*** Raw data Section Begins ***

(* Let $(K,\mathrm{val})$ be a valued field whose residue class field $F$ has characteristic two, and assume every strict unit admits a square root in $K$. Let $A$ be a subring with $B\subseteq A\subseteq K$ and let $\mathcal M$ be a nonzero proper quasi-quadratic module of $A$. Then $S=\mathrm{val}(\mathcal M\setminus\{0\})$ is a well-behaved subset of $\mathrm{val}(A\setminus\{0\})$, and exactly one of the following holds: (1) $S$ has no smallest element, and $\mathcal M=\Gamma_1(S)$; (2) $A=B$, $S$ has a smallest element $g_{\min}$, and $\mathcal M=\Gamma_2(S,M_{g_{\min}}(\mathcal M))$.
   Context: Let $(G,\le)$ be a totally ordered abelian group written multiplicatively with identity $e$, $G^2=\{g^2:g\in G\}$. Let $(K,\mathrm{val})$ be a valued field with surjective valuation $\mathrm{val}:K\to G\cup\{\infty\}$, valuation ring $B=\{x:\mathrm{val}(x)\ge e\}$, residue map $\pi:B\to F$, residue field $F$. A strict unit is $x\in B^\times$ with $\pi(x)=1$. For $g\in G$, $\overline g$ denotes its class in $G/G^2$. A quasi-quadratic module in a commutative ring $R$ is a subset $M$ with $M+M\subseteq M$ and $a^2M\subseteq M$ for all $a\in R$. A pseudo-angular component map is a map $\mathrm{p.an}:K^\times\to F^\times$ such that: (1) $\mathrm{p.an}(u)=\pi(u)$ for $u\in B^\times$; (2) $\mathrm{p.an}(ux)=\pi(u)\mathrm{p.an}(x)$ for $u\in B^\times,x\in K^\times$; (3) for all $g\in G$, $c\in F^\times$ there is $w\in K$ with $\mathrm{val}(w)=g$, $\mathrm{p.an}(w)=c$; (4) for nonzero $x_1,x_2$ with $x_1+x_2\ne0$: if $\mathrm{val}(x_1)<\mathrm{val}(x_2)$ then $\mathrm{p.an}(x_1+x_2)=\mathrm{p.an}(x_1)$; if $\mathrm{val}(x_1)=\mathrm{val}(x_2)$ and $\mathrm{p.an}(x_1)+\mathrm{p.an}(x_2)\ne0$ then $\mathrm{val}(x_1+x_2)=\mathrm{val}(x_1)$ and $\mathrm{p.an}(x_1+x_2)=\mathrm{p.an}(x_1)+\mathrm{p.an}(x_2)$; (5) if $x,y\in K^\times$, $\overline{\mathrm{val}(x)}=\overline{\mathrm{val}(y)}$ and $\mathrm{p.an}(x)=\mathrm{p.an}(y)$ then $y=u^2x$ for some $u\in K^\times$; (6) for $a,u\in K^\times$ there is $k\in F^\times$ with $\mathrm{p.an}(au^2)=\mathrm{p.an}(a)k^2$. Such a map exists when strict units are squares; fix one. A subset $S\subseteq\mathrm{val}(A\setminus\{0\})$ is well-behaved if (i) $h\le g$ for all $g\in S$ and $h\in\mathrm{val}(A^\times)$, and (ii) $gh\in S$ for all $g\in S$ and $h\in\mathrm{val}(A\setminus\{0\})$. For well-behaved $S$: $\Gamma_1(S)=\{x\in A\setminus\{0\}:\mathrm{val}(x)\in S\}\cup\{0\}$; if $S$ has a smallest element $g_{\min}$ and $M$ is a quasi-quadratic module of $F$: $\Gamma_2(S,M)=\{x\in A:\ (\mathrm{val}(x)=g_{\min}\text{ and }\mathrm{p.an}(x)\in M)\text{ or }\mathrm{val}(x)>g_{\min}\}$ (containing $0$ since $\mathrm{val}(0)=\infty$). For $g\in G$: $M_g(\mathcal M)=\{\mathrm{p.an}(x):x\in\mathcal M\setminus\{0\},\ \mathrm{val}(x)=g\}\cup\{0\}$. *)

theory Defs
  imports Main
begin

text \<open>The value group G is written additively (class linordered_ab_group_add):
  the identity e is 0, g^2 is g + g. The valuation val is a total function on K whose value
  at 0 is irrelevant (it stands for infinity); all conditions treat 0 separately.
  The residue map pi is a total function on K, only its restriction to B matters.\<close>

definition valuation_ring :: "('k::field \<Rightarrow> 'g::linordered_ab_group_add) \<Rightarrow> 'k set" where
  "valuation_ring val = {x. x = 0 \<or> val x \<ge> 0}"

*** Raw data Section Ends ***
*** Raw data Section Begins ***

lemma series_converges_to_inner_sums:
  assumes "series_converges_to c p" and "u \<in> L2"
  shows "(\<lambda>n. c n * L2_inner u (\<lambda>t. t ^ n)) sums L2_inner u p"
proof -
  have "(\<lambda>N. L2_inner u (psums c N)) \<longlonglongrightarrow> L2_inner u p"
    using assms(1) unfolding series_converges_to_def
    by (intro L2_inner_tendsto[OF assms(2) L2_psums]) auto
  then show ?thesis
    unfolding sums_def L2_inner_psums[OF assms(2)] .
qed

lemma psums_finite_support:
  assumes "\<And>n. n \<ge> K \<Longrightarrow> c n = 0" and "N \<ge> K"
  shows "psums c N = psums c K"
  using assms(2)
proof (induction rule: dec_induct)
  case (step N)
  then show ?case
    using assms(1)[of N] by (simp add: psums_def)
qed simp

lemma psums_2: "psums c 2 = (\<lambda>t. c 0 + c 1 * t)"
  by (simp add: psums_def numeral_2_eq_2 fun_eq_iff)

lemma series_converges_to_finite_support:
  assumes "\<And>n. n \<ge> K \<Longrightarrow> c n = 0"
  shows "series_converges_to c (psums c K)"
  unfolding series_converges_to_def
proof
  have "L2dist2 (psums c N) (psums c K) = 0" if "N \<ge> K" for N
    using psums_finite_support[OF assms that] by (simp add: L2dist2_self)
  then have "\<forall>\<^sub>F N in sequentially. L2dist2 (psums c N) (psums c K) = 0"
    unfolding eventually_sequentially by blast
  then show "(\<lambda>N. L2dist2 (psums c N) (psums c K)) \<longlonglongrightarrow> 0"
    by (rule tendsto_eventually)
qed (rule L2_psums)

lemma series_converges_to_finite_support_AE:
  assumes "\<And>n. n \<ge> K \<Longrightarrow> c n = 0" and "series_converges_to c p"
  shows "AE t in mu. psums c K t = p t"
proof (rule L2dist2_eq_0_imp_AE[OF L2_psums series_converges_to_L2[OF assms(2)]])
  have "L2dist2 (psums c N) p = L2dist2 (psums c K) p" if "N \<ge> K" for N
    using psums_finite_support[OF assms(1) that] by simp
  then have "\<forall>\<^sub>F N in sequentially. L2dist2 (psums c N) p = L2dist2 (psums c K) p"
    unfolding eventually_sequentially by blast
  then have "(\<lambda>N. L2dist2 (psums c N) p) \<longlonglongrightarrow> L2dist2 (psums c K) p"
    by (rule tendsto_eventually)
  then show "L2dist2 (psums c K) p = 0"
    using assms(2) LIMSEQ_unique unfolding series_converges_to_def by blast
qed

*** Raw data Section Ends ***

▸ **About this exercise**
Among the lines above, repeat exactly those from the line with "using assms(1)[of N]" to the line with "qed (rule L2_psums)", counting both ends.

▸ **Solution**
    using assms(1)[of N] by (simp add: psums_def)
qed simp

lemma psums_2: "psums c 2 = (\<lambda>t. c 0 + c 1 * t)"
  by (simp add: psums_def numeral_2_eq_2 fun_eq_iff)

lemma series_converges_to_finite_support:
  assumes "\<And>n. n \<ge> K \<Longrightarrow> c n = 0"
  shows "series_converges_to c (psums c K)"
  unfolding series_converges_to_def
proof
  have "L2dist2 (psums c N) (psums c K) = 0" if "N \<ge> K" for N
    using psums_finite_support[OF assms that] by (simp add: L2dist2_self)
  then have "\<forall>\<^sub>F N in sequentially. L2dist2 (psums c N) (psums c K) = 0"
    unfolding eventually_sequentially by blast
  then show "(\<lambda>N. L2dist2 (psums c N) (psums c K)) \<longlonglongrightarrow> 0"
    by (rule tendsto_eventually)
qed (rule L2_psums)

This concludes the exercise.